Japan did not follow suit with J-Pop or J-Rock, though, instead they were found to be producing mostly different variants of Electronic music (in particular Experimental and Downtempo). Their love for Electronic music actually came in joint with their love for Punk music with bands like One Ok Rock, Shounen Knife, High Rise and Melt Banana.
Going further west, China ended up being quite mixed when it came to their top genre. Things were tied between Experimental, Heavy Metal, Math Rock, Overtone Singing, Post Rock and Post-Punk, which put them ultimately more on the Rock end of the scale.
The closer you get to Europe, the more Electronic music seemed to creep back in with places likes Kazakhstan, Turkey, Syria (who had Electronic tied with Folk) and Georgia all favouring it over anything else. In fact, Kazakhstan were the only country in the world who produced more Drum ‘n Bass over other genres!
There was a smattering of Electronic music from elsewhere in Asia, some from Japan of course, but also from the Philippines – who produced mostly Electronic and Hip Hop – as well as Nepal, who had a mixture of Ambient/ New Age Electronic music alongside Classical Hindustani.
Like Nepal, India favoured Hindustani music but also Indian Classical, with their neighbours Pakistan coming up as a mixture of Bollywood and Hindustani as well. South of India, Sri Lanka turned out to be big fans of Pop music with a tie between Pop Rock and Vocal music, whilst places in South Asia like Cambodia, Indonesia and Malaysia all preferred Rock music.
There were a few countries in Asia that went for the more gentle touch of Classical music including Taiwan and Armenia, the latter of which was a combination of Modern Classical and Romantic Classical.
Sadly, for a significant part of Asia we did not have enough data to give a concrete answer on what genre of music they made the most.
South America, who were found to produce MPB (Música Popular Brasileira or ‘Popular Brazilian Music’ in English) more than anything else, had some genres crop up that didn’t appear anywhere else on the planet – most notably Latin subgenres.
Brazil were big producers of MPB, a local post-bossa nova style of urban music with themes reminiscent samba, samba-canção and baião. Venezuela followed suit with the trend of Pop music in the South, favouring Ballad music above all else.

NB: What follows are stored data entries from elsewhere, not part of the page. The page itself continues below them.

(* Let $\Pi=\Pi_1\times\cdots\times\Pi_T$ be a class of dynamic treatment regimes. For any integers $s,t$ with $1\le s\le t\le T$ and any $\epsilon>0$, $$N_{d_h}\big((t-s+1)\epsilon,\Pi_{s:t}\big)\le\prod_{\ell=s}^tN_{d_h}(\epsilon,\Pi_\ell).$$
   Context: For each stage $t$, $\mathcal{H}_t$ is a history space with elements $h_t=(\underline a_{t-1},\underline s_t)$; for $\ell\le t$ the sub-history is $h_\ell=(\underline a_{\ell-1},\underline s_\ell)\in\mathcal{H}_\ell$. $\Pi_t$ is a class of measurable maps $\pi_t:\mathcal{H}_t\to\mathcal{A}_t$ (finite action set), $\Pi_{s:t}=\Pi_s\times\cdots\times\Pi_t$ with elements $\pi_{s:t}=(\pi_s,\dots,\pi_t)$. Given points $h_t^{(1)},\dots,h_t^{(n)}\in\mathcal{H}_t$, the Hamming distance is $d_h(\pi_{s:t},\pi'_{s:t})=n^{-1}\sum_{i=1}^n\mathbf{1}\{\pi_s(h_s^{(i)})\ne\pi'_s(h_s^{(i)})\vee\cdots\vee\pi_t(h_t^{(i)})\ne\pi'_t(h_t^{(i)})\}$; $N_{d_h}(\epsilon,\Pi_{s:t},\{h_t^{(i)}\})$ is the smallest number of elements $\pi^{(1)}_{s:t},\pi^{(2)}_{s:t},\dots$ of $\Pi_{s:t}$ such that every $\pi_{s:t}\in\Pi_{s:t}$ has some $\pi^{(j)}_{s:t}$ with $d_h(\pi_{s:t},\pi^{(j)}_{s:t})\le\epsilon$; the $\epsilon$-Hamming covering number $N_{d_h}(\epsilon,\Pi_{s:t})$ is its supremum over all $n\ge1$ and $h_t^{(1)},\dots,h_t^{(n)}\in\mathcal{H}_t$; $N_{d_h}(\epsilon,\Pi_{t:t})=N_{d_h}(\epsilon,\Pi_t)$. *)

theory Defs
  imports Main "HOL-Library.Extended_Nat" "HOL-Library.FuncSet"
begin

text \<open>A stage-t history h_t = (a_1..a_{t-1}, s_1..s_t) is a pair of lists
  (actions, states); stages are 1-based. A_l is the action set and S_l the
  state set at stage l.\<close>

type_synonym ('a,'s) hist = "'a list \<times> 's list"

definition hist_space :: "(nat \<Rightarrow> 'a set) \<Rightarrow> (nat \<Rightarrow> 's set) \<Rightarrow> nat \<Rightarrow> ('a,'s) hist set" where
  "hist_space A S t = {(as, ss). length as = t - 1 \<and> length ss = t \<and>
      (\<forall>i < t - 1. as ! i \<in> A (Suc i)) \<and> (\<forall>i < t. ss ! i \<in> S (Suc i))}"

definition subhist :: "nat \<Rightarrow> ('a,'s) hist \<Rightarrow> ('a,'s) hist" where
  "subhist l h = (take (l - 1) (fst h), take l (snd h))"

definition policy_product :: "(nat \<Rightarrow> (('a,'s) hist \<Rightarrow> 'a) set) \<Rightarrow> nat \<Rightarrow> nat
    \<Rightarrow> (nat \<Rightarrow> ('a,'s) hist \<Rightarrow> 'a) set" where
  "policy_product Pol s t = Pi\<^sub>E {s..t} Pol"

definition hamming_dist :: "nat \<Rightarrow> nat \<Rightarrow> nat \<Rightarrow> (nat \<Rightarrow> ('a,'s) hist)
    \<Rightarrow> (nat \<Rightarrow> ('a,'s) hist \<Rightarrow> 'a) \<Rightarrow> (nat \<Rightarrow> ('a,'s) hist \<Rightarrow> 'a) \<Rightarrow> real" where
  "hamming_dist s t n h p q =
     real (card {i. i < n \<and> (\<exists>l\<in>{s..t}. p l (subhist l (h i)) \<noteq> q l (subhist l (h i)))}) / real n"

text \<open>Covering number of a class P of tuples on {s..t} w.r.t. given points;
  infinite if no finite cover exists.\<close>
definition cover_num_pts :: "real \<Rightarrow> (nat \<Rightarrow> ('a,'s) hist \<Rightarrow> 'a) set \<Rightarrow> nat \<Rightarrow> nat
    \<Rightarrow> nat \<Rightarrow> (nat \<Rightarrow> ('a,'s) hist) \<Rightarrow> enat" where
  "cover_num_pts eps P s t n h =
     Inf {enat (card C) | C. finite C \<and> C \<subseteq> P \<and>
            (\<forall>p\<in>P. \<exists>q\<in>C. hamming_dist s t n h p q \<le> eps)}"

definition hamming_cover_num :: "(nat \<Rightarrow> 'a set) \<Rightarrow> (nat \<Rightarrow> 's set) \<Rightarrow> real
    \<Rightarrow> (nat \<Rightarrow> (('a,'s) hist \<Rightarrow> 'a) set) \<Rightarrow> nat \<Rightarrow> nat \<Rightarrow> enat" where
  "hamming_cover_num A S eps Pol s t =
     Sup {cover_num_pts eps (policy_product Pol s t) s t n h | n h.
            n \<ge> 1 \<and> (\<forall>i<n. h i \<in> hist_space A S t)}"

end

theory Submission
  imports Defs
begin

(* Fix n points h^(i) of H_t.  Choose, for every stage l, a minimal eps-cover C_l of Pi_l with
   respect to the sub-histories h_l^(i), and combine one element of each C_l into a policy tuple.
   Two tuples differ at a point only if they differ at some stage, so the Hamming distance on
   {s..t} is at most the sum of the stage-wise distances, i.e. at most (t - s + 1) eps.  The
   combined tuples thus form a cover with at most prod_l |C_l| elements; taking suprema over
   the points gives the bound, since sub-histories of points of H_t are points of H_l.
   The argument works for each fixed configuration of points. *)

lemma enat_prod_mono:
  "(\<And>i. i \<in> A \<Longrightarrow> f i \<le> g i) \<Longrightarrow> prod f A \<le> prod (g :: _ \<Rightarrow> enat) A"
  by (induct A rule: infinite_finite_induct) (auto intro!: mult_mono)

lemma enat_prod_nonzero:
  "finite A \<Longrightarrow> (\<And>a. a \<in> A \<Longrightarrow> f a \<noteq> 0) \<Longrightarrow> prod (f :: _ \<Rightarrow> enat) A \<noteq> 0"
  by (induct rule: finite_induct) (auto simp: imult_is_0)

lemma enat_prod_eq_infinity:
  assumes "finite A" "l \<in> A" "f l = \<infinity>" "\<And>a. a \<in> A \<Longrightarrow> f a \<noteq> 0"
  shows "prod (f :: _ \<Rightarrow> enat) A = \<infinity>"
proof -
  have "prod f A = f l * prod f (A - {l})"
    using assms by (simp add: prod.remove)
  moreover have "prod f (A - {l}) \<noteq> 0"
    using assms by (intro enat_prod_nonzero) auto
  ultimately show ?thesis
    using assms by (simp add: imult_is_infinity)
qed

lemma subhist_subhist [simp]: "subhist l (subhist l h) = subhist l h"
  by (simp add: subhist_def)

lemma subhist_in_hist_space:
  "h \<in> hist_space A S t \<Longrightarrow> l \<le> t \<Longrightarrow> subhist l h \<in> hist_space A S l"
  by (auto simp: hist_space_def subhist_def)

lemma hamming_dist_cong:
  "(\<And>l. l \<in> {s..t} \<Longrightarrow> p l = p' l \<and> q l = q' l) \<Longrightarrow>
    hamming_dist s t n h p q = hamming_dist s t n h p' q'"
  unfolding hamming_dist_def by (intro arg_cong[where f = "\<lambda>X. real (card X) / real n"]) auto

lemma hamming_dist_le_sum_stages:
  "hamming_dist s t n h p q \<le> (\<Sum>l\<in>{s..t}. hamming_dist l l n (\<lambda>i. subhist l (h i)) p q)"
proof -
  define B where "B l = {i. i < n \<and> p l (subhist l (h i)) \<noteq> q l (subhist l (h i))}" for l
  have "{i. i < n \<and> (\<exists>l\<in>{s..t}. p l (subhist l (h i)) \<noteq> q l (subhist l (h i)))}
      = (\<Union>l\<in>{s..t}. B l)"
    by (auto simp: B_def)
  then have "hamming_dist s t n h p q = real (card (\<Union>l\<in>{s..t}. B l)) / real n"
    by (simp add: hamming_dist_def)
  also have "\<dots> \<le> real (\<Sum>l\<in>{s..t}. card (B l)) / real n"
    by (intro divide_right_mono of_nat_mono card_UN_le) auto
  also have "\<dots> = (\<Sum>l\<in>{s..t}. hamming_dist l l n (\<lambda>i. subhist l (h i)) p q)"
    by (simp add: hamming_dist_def B_def sum_divide_distrib)
  finally show ?thesis .
qed

lemma hamming_dist_combine_le:
  assumes "\<And>l. l \<in> {s..t} \<Longrightarrow> hamming_dist l l n (\<lambda>i. subhist l (h i)) p (g l) \<le> eps"
  shows "hamming_dist s t n h p (\<lambda>l\<in>{s..t}. g l l) \<le> real (card {s..t}) * eps"
proof -
  have "hamming_dist s t n h p (\<lambda>l\<in>{s..t}. g l l)
      \<le> (\<Sum>l\<in>{s..t}. hamming_dist l l n (\<lambda>i. subhist l (h i)) p (\<lambda>l\<in>{s..t}. g l l))"
    by (rule hamming_dist_le_sum_stages)
  also have "\<dots> = (\<Sum>l\<in>{s..t}. hamming_dist l l n (\<lambda>i. subhist l (h i)) p (g l))"
    by (intro sum.cong refl hamming_dist_cong) auto
  also have "\<dots> \<le> (\<Sum>l\<in>{s..t}. eps)"
    using assms by (intro sum_mono)
  finally show ?thesis
    by simp
qed

definition is_hamming_cover :: "real \<Rightarrow> (nat \<Rightarrow> ('a,'s) hist \<Rightarrow> 'a) set \<Rightarrow> nat \<Rightarrow> nat \<Rightarrow> nat
    \<Rightarrow> (nat \<Rightarrow> ('a,'s) hist) \<Rightarrow> (nat \<Rightarrow> ('a,'s) hist \<Rightarrow> 'a) set \<Rightarrow> bool" where
  "is_hamming_cover eps P s t n h C \<longleftrightarrow>
     finite C \<and> C \<subseteq> P \<and> (\<forall>p\<in>P. \<exists>q\<in>C. hamming_dist s t n h p q \<le> eps)"

lemma cover_num_pts_eq_Inf:
  "cover_num_pts eps P s t n h = Inf {enat (card C) | C. is_hamming_cover eps P s t n h C}"
  by (simp add: cover_num_pts_def is_hamming_cover_def)

lemma cover_num_pts_le_card:
  "is_hamming_cover eps P s t n h C \<Longrightarrow> cover_num_pts eps P s t n h \<le> enat (card C)"
  unfolding cover_num_pts_eq_Inf by (intro Inf_lower) blast

lemma cover_num_pts_attained:
  assumes "cover_num_pts eps P s t n h \<noteq> \<infinity>"
  obtains C where "is_hamming_cover eps P s t n h C" "cover_num_pts eps P s t n h = enat (card C)"
proof -
  define X where "X = {enat (card C) | C. is_hamming_cover eps P s t n h C}"
  have "X \<noteq> {}"
    using assms unfolding cover_num_pts_eq_Inf X_def[symmetric] by (auto simp: top_enat_def)
  then have "Inf X \<in> X"
    unfolding Inf_enat_def by (auto intro: LeastI)
  then show thesis
    using that by (auto simp: cover_num_pts_eq_Inf X_def)
qed

lemma cover_num_pts_empty: "cover_num_pts eps {} s t n h = 0"
  using cover_num_pts_le_card[of eps "{}" s t n h "{}"]
  by (simp add: is_hamming_cover_def flip: zero_enat_def)

lemma cover_num_pts_nonzero:
  assumes "P \<noteq> {}"
  shows "cover_num_pts eps P s t n h \<noteq> 0"
proof
  assume zero: "cover_num_pts eps P s t n h = 0"
  then have "cover_num_pts eps P s t n h \<noteq> \<infinity>"
    by simp
  then obtain C where "is_hamming_cover eps P s t n h C" "enat (card C) = 0"
    using zero by (metis cover_num_pts_attained)
  then show False
    using assms by (auto simp: is_hamming_cover_def zero_enat_def)
qed

lemma hamming_cover_stage_close:
  assumes cover: "is_hamming_cover eps (policy_product Pol l l) l l n h C"
    and p: "p \<in> policy_product Pol s t" and l: "l \<in> {s..t}"
  obtains g where "g \<in> C" "hamming_dist l l n h p g \<le> eps"
proof -
  have "restrict p {l} \<in> policy_product Pol l l"
    using p l by (auto simp: policy_product_def)
  then obtain g where "g \<in> C" "hamming_dist l l n h (restrict p {l}) g \<le> eps"
    using cover by (auto simp: is_hamming_cover_def)
  moreover have "hamming_dist l l n h (restrict p {l}) g = hamming_dist l l n h p g"
    by (intro hamming_dist_cong) simp
  ultimately show thesis
    using that by simp
qed

lemma hamming_cover_policy_product:
  assumes covers: "\<And>l. l \<in> {s..t} \<Longrightarrow>
      is_hamming_cover eps (policy_product Pol l l) l l n (\<lambda>i. subhist l (h i)) (C l)"
  obtains D where "is_hamming_cover (real (card {s..t}) * eps) (policy_product Pol s t) s t n h D"
    and "card D \<le> (\<Prod>l\<in>{s..t}. card (C l))"
proof
  \<comment> \<open>f l \<in> C l is a tuple indexed by {l}; its only component is f l l\<close>
  define D where "D = (\<lambda>f. \<lambda>l\<in>{s..t}. f l l) ` Pi\<^sub>E {s..t} C"
  have finite_C: "finite (C l)" if "l \<in> {s..t}" for l
    using covers[OF that] by (simp add: is_hamming_cover_def)
  have C_stage: "q l \<in> Pol l" if "l \<in> {s..t}" "q \<in> C l" for l q
    using covers[OF that(1)] that(2) by (auto simp: is_hamming_cover_def policy_product_def)
  have "card D \<le> card (Pi\<^sub>E {s..t} C)"
    unfolding D_def using finite_C by (intro card_image_le finite_PiE) auto
  then show "card D \<le> (\<Prod>l\<in>{s..t}. card (C l))"
    by (simp add: card_PiE)
  have "D \<subseteq> policy_product Pol s t"
  proof
    fix q assume "q \<in> D"
    then obtain f where "f \<in> Pi\<^sub>E {s..t} C" "q = (\<lambda>l\<in>{s..t}. f l l)"
      by (auto simp: D_def)
    then show "q \<in> policy_product Pol s t"
      by (auto simp: policy_product_def PiE_iff C_stage)
  qed
  moreover have "\<exists>q\<in>D. hamming_dist s t n h p q \<le> real (card {s..t}) * eps"
    if p: "p \<in> policy_product Pol s t" for p
  proof -
    have "\<exists>g\<in>C l. hamming_dist l l n (\<lambda>i. subhist l (h i)) p g \<le> eps" if "l \<in> {s..t}" for l
      using hamming_cover_stage_close[OF covers[OF that] p that] by blast
    then obtain g where g: "\<forall>l\<in>{s..t}. g l \<in> C l \<and>
        hamming_dist l l n (\<lambda>i. subhist l (h i)) p (g l) \<le> eps"
      by metis
    define q where "q = (\<lambda>l\<in>{s..t}. g l l)"
    have "q \<in> D"
      unfolding D_def q_def using g by (intro image_eqI[of _ _ "restrict g {s..t}"]) auto
    moreover have "hamming_dist s t n h p q \<le> real (card {s..t}) * eps"
      unfolding q_def using g by (intro hamming_dist_combine_le) blast
    ultimately show ?thesis by blast
  qed
  moreover have "finite D"
    unfolding D_def using finite_C by (intro finite_imageI finite_PiE) auto
  ultimately show "is_hamming_cover (real (card {s..t}) * eps) (policy_product Pol s t) s t n h D"
    by (simp add: is_hamming_cover_def)
qed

Their Colombian neighbours however, were some of the only ones in South America to produce Latin music over everything else. Likewise, Uruguay also found Latin to be one of their top genres, but it was tied alongside Metal music and Folk music – they must enjoy quite the variety!
The further south you go, the more Classical and Rock subgenres appeared. Chile in fact was tied between them, with Paraguay’s top genre being Classical and Argentina preferring Pop Rock with musicians like Fito Páez and Charly García achieving huge success. Peru, on the other hand, stood out as lovers of Folk music.
Unfortunately, we didn’t have enough data on the majority of their countries and therefore the maps would have been more incomplete than complete. An additional map wouldn’t have added to the experience.
Instead, you can view the list of their top genres below, or explore the global map at the top!
We took a sample of over 35’000 musicians from around the world, matching the main genres of their music to their country of origin/ place of birth.